4.4. Positivismo jurídico e concepção cientificista

O positivismo jurídico, em especial o de KELSEN, pretende dar as bases de um conhecimento científico do Direito, de uma Ciência do Direito, elevando a Jurisprudência ao status de ciência do espírito, ao status científico, mediante um método específico, distinto da ciência natural e da política:

Há mais de duas décadas que empreendi desenvolver uma teoria jurídica pura, isto é, purificada de todos os elementos de ciência natural, uma teoria jurídica consciente de sua especificidade porque consciente da legalidade específica do seu objeto.

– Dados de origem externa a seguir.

definition same_leaf :: "'d dtree \<Rightarrow> real^'d \<Rightarrow> real^'d \<Rightarrow> bool" where
  "same_leaf h x y = (dt_leaf h x = dt_leaf h y)"

datatype 'd answer = LabelAns "real^'d" bool | SameAns "real^'d" "real^'d" bool

fun ans_points :: "'d answer \<Rightarrow> (real^'d) set" where
  "ans_points (LabelAns x _) = {x}"
| "ans_points (SameAns x y _) = {x, y}"

definition responses :: "'d dtree \<Rightarrow> (real^'d) set \<Rightarrow> 'd answer set" where
  "responses h S = {LabelAns x (dt_label h x) | x. x \<in> S}
                 \<union> {SameAns x y (same_leaf h x y) | x y. x \<in> S \<and> y \<in> S}"

text \<open>Q_h(S): the set of all possible response combinations of h on S (the oracles are
  deterministic, so this is the single complete response set).\<close>
definition Q :: "'d dtree \<Rightarrow> (real^'d) set \<Rightarrow> 'd answer set set" where
  "Q h S = {responses h S}"

definition restr :: "'d answer set \<Rightarrow> (real^'d) set \<Rightarrow> 'd answer set" where
  "restr q W = {a \<in> q. ans_points a \<subseteq> W}"

definition bbox :: "(real^'d) set \<Rightarrow> (real^'d) set" where
  "bbox T = {x. \<forall>i. Min ((\<lambda>t. t $ i) ` T) \<le> x $ i \<and> x $ i \<le> Max ((\<lambda>t. t $ i) ` T)}"

definition I_rect :: "'d answer set \<Rightarrow> ((real^'d) \<times> bool) set" where
  "I_rect q = {(x, l). \<exists>T. finite T \<and> T \<noteq> {} \<and>
      (\<forall>t\<in>T. LabelAns t l \<in> q) \<and>
      (\<forall>t\<in>T. \<forall>u\<in>T. t \<noteq> u \<longrightarrow> SameAns t u True \<in> q) \<and>
      x \<in> bbox T}"

end

theory Submission
  imports Defs
begin

text \<open>From exact responses on W, R_rect infers precisely the bounding boxes of the sets
  T \<subseteq> W lying in a single leaf, with that leaf's label. The points of S fall into at most s
  leaf cells. The bounding box of a cell is spanned by at most 2d of its points, a minimiser and a
  maximiser of each coordinate, and every box inferred from S lies in the box of one cell, so
  keeping these points for every cell loses no inference.\<close>

fun dt_paths :: "'d dtree \<Rightarrow> bool list set" where
  "dt_paths (Leaf c) = {[]}"
| "dt_paths (Node i b ge l r) = Cons True ` dt_paths l \<union> Cons False ` dt_paths r"

lemma dt_leaf_in_dt_paths: "dt_leaf h x \<in> dt_paths h"
  by (induction h) auto

lemma finite_dt_paths: "finite (dt_paths h)"
  by (induction h) auto

lemma card_dt_paths: "card (dt_paths h) = dt_size h"
proof (induction h)
  case (Node i b ge l r)
  have "card (dt_paths (Node i b ge l r)) = card (Cons True ` dt_paths l) + card (Cons False ` dt_paths r)"
    unfolding dt_paths.simps by (rule card_Un_disjoint) (auto simp: finite_dt_paths)
  then show ?case
    using Node by (simp add: card_image)
qed simp

lemma card_dt_leaf_image_le: "card (dt_leaf h ` S) \<le> dt_size h"
proof -
  have "dt_leaf h ` S \<subseteq> dt_paths h"
    using dt_leaf_in_dt_paths by blast
  then show ?thesis
    using card_mono[OF finite_dt_paths] card_dt_paths by metis
qed

lemma dt_label_eq_if_same_leaf: "dt_leaf h x = dt_leaf h y \<Longrightarrow> dt_label h x = dt_label h y"
  by (induction h) (auto split: if_splits)

lemma bbox_mono:
  assumes "finite A" "T \<noteq> {}" "T \<subseteq> A"
  shows "bbox T \<subseteq> bbox A"
proof -
  have "Min ((\<lambda>t. t $ i) ` A) \<le> Min ((\<lambda>t. t $ i) ` T)" "Max ((\<lambda>t. t $ i) ` T) \<le> Max ((\<lambda>t. t $ i) ` A)"
    for i using assms by (auto intro!: Min_antimono Max_mono)
  then show ?thesis
    unfolding bbox_def by (blast intro: order_trans)
qed

lemma exists_bbox_spanning_subset:
  fixes A :: "(real^'d) set"
  assumes "finite A" "A \<noteq> {}"
  obtains B where "B \<subseteq> A" "B \<noteq> {}" "card B \<le> 2 * CARD('d)" "bbox B = bbox A"
proof -
  have "Min ((\<lambda>t. t $ i) ` A) \<in> (\<lambda>t. t $ i) ` A" "Max ((\<lambda>t. t $ i) ` A) \<in> (\<lambda>t. t $ i) ` A" for i
    using assms by (simp_all add: Min_in Max_in)
  then have "\<forall>i. \<exists>a\<in>A. a $ i = Min ((\<lambda>t. t $ i) ` A)" "\<forall>i. \<exists>a\<in>A. a $ i = Max ((\<lambda>t. t $ i) ` A)"
    by (metis imageE)+
  then obtain lo hi where lo: "\<And>i. lo i \<in> A \<and> lo i $ i = Min ((\<lambda>t. t $ i) ` A)"
    and hi: "\<And>i. hi i \<in> A \<and> hi i $ i = Max ((\<lambda>t. t $ i) ` A)"
    by metis
  define B where "B = range lo \<union> range hi"
  have "B \<subseteq> A" "B \<noteq> {}"
    using lo hi by (auto simp: B_def)
  have "card B \<le> card (range lo) + card (range hi)"
    unfolding B_def by (rule card_Un_le)
  also have "\<dots> \<le> 2 * CARD('d)"
    using card_image_le[of UNIV lo] card_image_le[of UNIV hi] by simp
  finally have "card B \<le> 2 * CARD('d)" .
  have "Min ((\<lambda>t. t $ i) ` B) = Min ((\<lambda>t. t $ i) ` A)" for i
  proof (rule antisym)
    have "Min ((\<lambda>t. t $ i) ` B) \<le> lo i $ i"
      by (rule Min_le) (auto simp: B_def)
    then show "Min ((\<lambda>t. t $ i) ` B) \<le> Min ((\<lambda>t. t $ i) ` A)"
      using lo by simp
    show "Min ((\<lambda>t. t $ i) ` A) \<le> Min ((\<lambda>t. t $ i) ` B)"
      using \<open>B \<subseteq> A\<close> \<open>B \<noteq> {}\<close> assms(1) by (intro Min_antimono) auto
  qed
  moreover have "Max ((\<lambda>t. t $ i) ` B) = Max ((\<lambda>t. t $ i) ` A)" for i
  proof (rule antisym)
    have "hi i $ i \<le> Max ((\<lambda>t. t $ i) ` B)"
      by (rule Max_ge) (auto simp: B_def)
    then show "Max ((\<lambda>t. t $ i) ` A) \<le> Max ((\<lambda>t. t $ i) ` B)"
      using hi by simp
    show "Max ((\<lambda>t. t $ i) ` B) \<le> Max ((\<lambda>t. t $ i) ` A)"
      using \<open>B \<subseteq> A\<close> \<open>B \<noteq> {}\<close> assms(1) by (intro Max_mono) auto
  qed
  ultimately have "bbox B = bbox A"
    by (simp add: bbox_def)
  then show ?thesis
    using that \<open>B \<subseteq> A\<close> \<open>B \<noteq> {}\<close> \<open>card B \<le> 2 * CARD('d)\<close> by blast
qed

Logo desde o começo foi meu intento elevar a Jurisprudência, que – aberta ou veladamente – se esgotava quase por completo em raciocínios de política jurídica, à altura de uma genuína ciência, de uma ciência do espírito. Importava explicar, não as suas tendências endereçadas à formação do Direito, mas as suas tendências exclusivamente dirigidas ao conhecimento do Direito, e aproximar tanto quanto possível os seus resultados do ideal de toda ciência: objetividade e exatidão. (KELSEN, 1999, p. XI)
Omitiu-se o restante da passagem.